__Work instructions__. Counting the line with "using X by (rule" as the last one, copy out the lines of the data exactly from the first onward.
** Study material follows **
lemma almost_invariant_Int_prod_emb:
  assumes W: "almost_invariant W" and J: "finite J" and X: "\<And>j. j \<in> J \<Longrightarrow> X j \<subseteq> carrier G"
  shows "measure haar (W \<inter> prod_emb UNIV (\<lambda>_. factor) J (Pi\<^sub>E J X))
    = real (card (Pi\<^sub>E J X)) * measure haar W / real (card (carrier G) ^ card J)"
proof -
  have Ws: "W \<subseteq> space haar" using W sets.sets_into_space unfolding almost_invariant_def by auto
  have "prod_emb UNIV (\<lambda>_. factor) J (Pi\<^sub>E J (\<lambda>_. carrier G)) = space haar"
    by (auto simp: prod_emb_def omega_power_haar_def space_PiM space_uniform_count_measure PiE_iff)
  then have "measure haar W = real (card (carrier G) ^ card J) * measure haar (W \<inter> cylinder J (\<lambda>_. \<one>))"
    using almost_invariant_Int_prod_emb_card[OF W J, of "\<lambda>_. carrier G"] Ws J
    by (simp add: card_PiE Int_absorb2)
  moreover have "card (carrier G) \<noteq> 0"
    using finite_carrier one_closed by auto
  moreover have "measure haar (W \<inter> prod_emb UNIV (\<lambda>_. factor) J (Pi\<^sub>E J X))
      = real (card (Pi\<^sub>E J X)) * measure haar (W \<inter> cylinder J (\<lambda>_. \<one>))"
    using X by (rule almost_invariant_Int_prod_emb_card[OF W J])
  ultimately show ?thesis by (simp add: field_simps)
qed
** End of Study material **
__Answer for the task__.
lemma almost_invariant_Int_prod_emb:
  assumes W: "almost_invariant W" and J: "finite J" and X: "\<And>j. j \<in> J \<Longrightarrow> X j \<subseteq> carrier G"
  shows "measure haar (W \<inter> prod_emb UNIV (\<lambda>_. factor) J (Pi\<^sub>E J X))
    = real (card (Pi\<^sub>E J X)) * measure haar W / real (card (carrier G) ^ card J)"
proof -
  have Ws: "W \<subseteq> space haar" using W sets.sets_into_space unfolding almost_invariant_def by auto
  have "prod_emb UNIV (\<lambda>_. factor) J (Pi\<^sub>E J (\<lambda>_. carrier G)) = space haar"
    by (auto simp: prod_emb_def omega_power_haar_def space_PiM space_uniform_count_measure PiE_iff)
  then have "measure haar W = real (card (carrier G) ^ card J) * measure haar (W \<inter> cylinder J (\<lambda>_. \<one>))"
    using almost_invariant_Int_prod_emb_card[OF W J, of "\<lambda>_. carrier G"] Ws J
    by (simp add: card_PiE Int_absorb2)
  moreover have "card (carrier G) \<noteq> 0"
    using finite_carrier one_closed by auto
  moreover have "measure haar (W \<inter> prod_emb UNIV (\<lambda>_. factor) J (Pi\<^sub>E J X))
      = real (card (Pi\<^sub>E J X)) * measure haar (W \<inter> cylinder J (\<lambda>_. \<one>))"
    using X by (rule almost_invariant_Int_prod_emb_card[OF W J])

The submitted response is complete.